E roubou vários elementos desse quadrinho aqui:



Logicamente que lá na adolescência quando li esse material a primeira vez em scans, mês a mês acho que ainda lá pela Action & Comics e posteriormente comprei mês a mês as 8 revistas do Wolverine que publicaram a história aqui no Brasil (num mix que também tinha a mensal do X-Factor escrita pelo Peter David, vale acrescentar) eu não sabia de nada disso.

Mas, com o passar do tempo, mesmo conhecendo as obras que o Millar “chupinhou”, isso não diminuiu nem um pouco a qualidade dela, perdi a contagem de quantas vezes reli e minhas maiores críticas até hoje é que a história é curta e nunca teve uma continuação digna com os mesmos autores.
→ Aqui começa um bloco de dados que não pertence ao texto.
lemma limiting_subdiff_g_eq_global_prox_subdiff:
  "limiting_subdiff g x = global_prox_subdiff g x"
proof (intro equalityI subsetI)
  fix v assume v: "v \<in> limiting_subdiff g x"
  then have "x \<in> \<Omega>" by (simp add: limiting_subdiff_def g_finite_iff)
  with v show "v \<in> global_prox_subdiff g x"
    by (intro global_prox_subdiff_g_of_normal limiting_subdiff_g_normal)
next
  fix v assume v: "v \<in> global_prox_subdiff g x"
  then obtain \<mu> where "\<And>y. g x + ereal (inner v (y - x) - \<mu> / 2 * (norm (y - x))\<^sup>2) \<le> g y"
    by (auto simp: global_prox_subdiff_def)
  from this[of 0] have "x \<in> \<Omega>"
    using zero_in_Omega by (cases "x \<in> \<Omega>") auto
  then have "\<bar>g x\<bar> \<noteq> \<infinity>" by (simp add: g_finite_iff)
  then have "v \<in> frechet_subdiff g x"
    by (rule subsetD[OF global_prox_subdiff_subset_frechet v])
  then show "v \<in> limiting_subdiff g x"
    using frechet_subdiff_subset_limiting by blast
qed

lemma limiting_subdiff_g_inequality_near:
  assumes "xb \<in> \<Omega>"
  obtains e where "e > 0"
    and "\<And>x x' v. v \<in> limiting_subdiff g x \<Longrightarrow> norm (v - vb) < e \<Longrightarrow> norm (x - xb) < e \<Longrightarrow>
      g x < g xb + ereal e \<Longrightarrow> norm (x' - xb) \<le> e \<Longrightarrow> g x + ereal (inner v (x' - x)) \<le> g x'"
proof -
  obtain \<rho> where "\<rho> > 0" and near: "\<And>y. dist y xb < \<rho> \<Longrightarrow> xb \<in> support_space B y"
    using eventually_nhds_support_space[of xb B] unfolding eventually_nhds_metric by blast
  define K where "K = norm vb + 1"
  define e where "e = min (\<rho> / 2) (min 1 (jump / (4 * K)))"
  have "K \<ge> 1" by (simp add: K_def)
  then have "e > 0" using \<open>\<rho> > 0\<close> jump_pos by (simp add: e_def)
  have "e < \<rho>" "e \<le> 1" "e \<le> jump / (4 * K)" using \<open>\<rho> > 0\<close> by (simp_all add: e_def)
  then have e_jump: "K * (2 * e) \<le> jump / 2" using \<open>K \<ge> 1\<close> by (simp add: field_simps)
  moreover have "2 * e \<le> K * (2 * e)" using \<open>K \<ge> 1\<close> \<open>e > 0\<close> by simp
  ultimately have "e < jump" using \<open>e > 0\<close> by linarith
  show ?thesis
  proof (rule that[OF \<open>e > 0\<close>])
    fix x x' v
    assume v: "v \<in> limiting_subdiff g x" and "norm (v - vb) < e" and "norm (x - xb) < e"
      and gx: "g x < g xb + ereal e" and "norm (x' - xb) \<le> e"
    have "xb \<in> support_space B x"
      using near \<open>norm (x - xb) < e\<close> \<open>e < \<rho>\<close> by (simp add: dist_norm)
    moreover have "g x < g xb + ereal jump"
      using gx \<open>e < jump\<close> \<open>xb \<in> \<Omega>\<close> by (cases "g x") auto
    ultimately have "x \<in> support_space B xb"
      using in_support_space_of_g_less[OF assms] by blast
    moreover have "xb \<in> support_space B x'"
      using near \<open>norm (x' - xb) \<le> e\<close> \<open>e < \<rho>\<close> by (simp add: dist_norm)
    ultimately have "x \<in> support_space B x'" by (rule support_space_trans)
    have "norm v \<le> K"
      using \<open>norm (v - vb) < e\<close> \<open>e \<le> 1\<close> norm_triangle_ineq2[of v vb] by (simp add: K_def)
    have "norm (x' - x) \<le> norm (x' - xb) + norm (x - xb)"
      using norm_triangle_ineq[of "x' - xb" "xb - x"] by (simp add: norm_minus_commute)
    then have "norm (x' - x) \<le> 2 * e"
      using \<open>norm (x' - xb) \<le> e\<close> \<open>norm (x - xb) < e\<close> by linarith
    have "inner v (x' - x) \<le> norm v * norm (x' - x)" by (rule norm_cauchy_schwarz)
    also have "\<dots> \<le> K * (2 * e)"
      using \<open>norm v \<le> K\<close> \<open>norm (x' - x) \<le> 2 * e\<close> \<open>K \<ge> 1\<close> by (intro mult_mono) auto
    finally have "inner v (x' - x) \<le> jump" using e_jump jump_pos by linarith
    with v \<open>x \<in> support_space B x'\<close> show "g x + ereal (inner v (x' - x)) \<le> g x'"
      by (rule limiting_subdiff_g_subgradient_inequality)
  qed
qed

lemma prox_regular_at_g:
  assumes "x \<in> \<Omega>"
  shows "prox_regular_at g x"
  unfolding prox_regular_at_def prox_regular_at_for_def
proof (intro conjI ballI locally_lsc_at_g assms)
  show "\<bar>g x\<bar> \<noteq> \<infinity>" using assms by (simp add: g_finite_iff)
  fix vb
  obtain e where "e > 0" and near: "\<And>x' x'' v. v \<in> limiting_subdiff g x' \<Longrightarrow> norm (v - vb) < e \<Longrightarrow>
      norm (x' - x) < e \<Longrightarrow> g x' < g x + ereal e \<Longrightarrow> norm (x'' - x) \<le> e \<Longrightarrow>
      g x' + ereal (inner v (x'' - x')) \<le> g x''"
    using limiting_subdiff_g_inequality_near[OF assms] by blast
  show "\<exists>r\<ge>0. \<exists>e>0. \<forall>x' x'' v. v \<in> limiting_subdiff g x' \<and> norm (v - vb) < e \<and>
      norm (x' - x) < e \<and> g x' < g x + ereal e \<and> norm (x'' - x) \<le> e \<longrightarrow>
      g x' + ereal (inner v (x'' - x') - r / 2 * (norm (x'' - x'))\<^sup>2) \<le> g x''"
    using \<open>e > 0\<close> near by (intro exI[of _ 0] exI[of _ e]) auto
qed

end

theorem lemma3p1:
  fixes f :: "real ^ 'n \<Rightarrow> real"
    and gradf :: "real ^ 'n \<Rightarrow> real ^ 'n"
    and hessf :: "real ^ 'n \<Rightarrow> ((real ^ 'n) \<Rightarrow>\<^sub>L (real ^ 'n))"
    and B :: "real ^ 'n ^ 'p"
    and lam1 lam2 :: real
    and l u :: "real ^ 'n"
    and \<Omega> :: "(real ^ 'n) set"
    and g F :: "real ^ 'n \<Rightarrow> ereal"
  assumes grad: "\<And>x. (f has_derivative (\<lambda>h. inner (gradf x) h)) (at x)"
    and hess: "\<And>x. (gradf has_derivative blinfun_apply (hessf x)) (at x)"
    and hess_cont: "continuous_on UNIV hessf"
    and hl1: "lam1 > 0" and hl2: "lam2 > 0"
    and lu: "\<And>i. l $ i \<le> 0 \<and> 0 \<le> u $ i"
    and Omega: "\<Omega> = {x. \<forall>i. l $ i \<le> x $ i \<and> x $ i \<le> u $ i}"
    and g_def: "\<And>x. g x = (if x \<in> \<Omega> then ereal (lam1 * l0 (B *v x) + lam2 * l0 x) else \<infinity>)"
    and F_def: "\<And>x. F x = ereal (f x) + g x"
  shows "(\<forall>x\<in>\<Omega>. prox_regular_at g x) \<and>
         {x. 0 \<in> limiting_subdiff F x} = {x. L_stationary gradf g x}"
proof -
  interpret l0_box_penalty B lam1 lam2 l u \<Omega> g
    using hl1 hl2 lu Omega g_def by unfold_locales
  have gradf_cont: "isCont gradf x" for x
    using hess by (rule has_derivative_continuous)
  have "0 \<in> limiting_subdiff F x \<longleftrightarrow> L_stationary gradf g x" for x
  proof -
    have "F = (\<lambda>y. ereal (f y) + g y)" using F_def by auto
    then have "0 \<in> limiting_subdiff F x \<longleftrightarrow> - gradf x \<in> limiting_subdiff g x"
      using limiting_subdiff_add_C1[OF grad gradf_cont] by simp
    also have "\<dots> \<longleftrightarrow> L_stationary gradf g x"
      by (simp add: limiting_subdiff_g_eq_global_prox_subdiff L_stationary_iff_global_prox_subdiff)
    finally show ?thesis .
  qed
  then show ?thesis using prox_regular_at_g by auto
qed

end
Sem cansar vocês:

O Millar sempre foi o cara dos remakes de ideias de outras obras funcionando melhor na obra dele. Se você não consegue lidar com isso, pode continuar lendo o seu Tom King.

Trama



O jogo começaria com aquela cena de combate épica com vários vilões destruindo as ruas, o maior caos, semelhante ao começo do primeiro The Last of Us. (se é pra copiar esse game, vamos copiar as coisas boas e não toda a estrutura como fizeram com GOW de 2018). Muito do que a gente viu sendo mencionado pelo Gavião Arqueiro no quadrinho como a morte do Thor a gente já veria já no começo do game, 20 ou 30 minutos de porradaria desenfreada com a única missão do Logan ser a de conseguir ir até os X-Men. Ele veria boa parte dos Vingadores e outros heróis sendo mortas, se machucaria bastante e o seu instinto protetor com a sua equipe falaria mais alto e ele se daria conta que não tinha como salvar aquilo ali.

O jogo cortaria pra 50 anos depois. Todo aquele som de violão e clima de Velho Oeste enquanto o Logan fazendeiro vai fazendo algumas atividades e interagindo com a sua família. Algo numa pegada sonora próximo disso:



Daí a gangue Hulk viria cobrar o aluguel e o game começaria a seguir mais as páginas dos quadrinhos mais à risca, Logan seria contratado pelo Clint para dirigir o buggy-Aranha, que ocasionalmente quebraria e precisaria ir sendo upado para ir progredindo no jogo. Eu até ousaria colocar um sistema de caça e pilhagem, não algo tão rebuscado como no RDR II e sim algo mais objetivo como em Far Cry 3. O que eu pegaria do RDR II seria um sistema de honra e diferentes formas daquele mundo reagir a você. Você poderia ajudar pessoas que no caminho estariam precisando de uma mão ou negligenciar as mesmas, até roubar, tudo ficaria nas mãos dos jogares.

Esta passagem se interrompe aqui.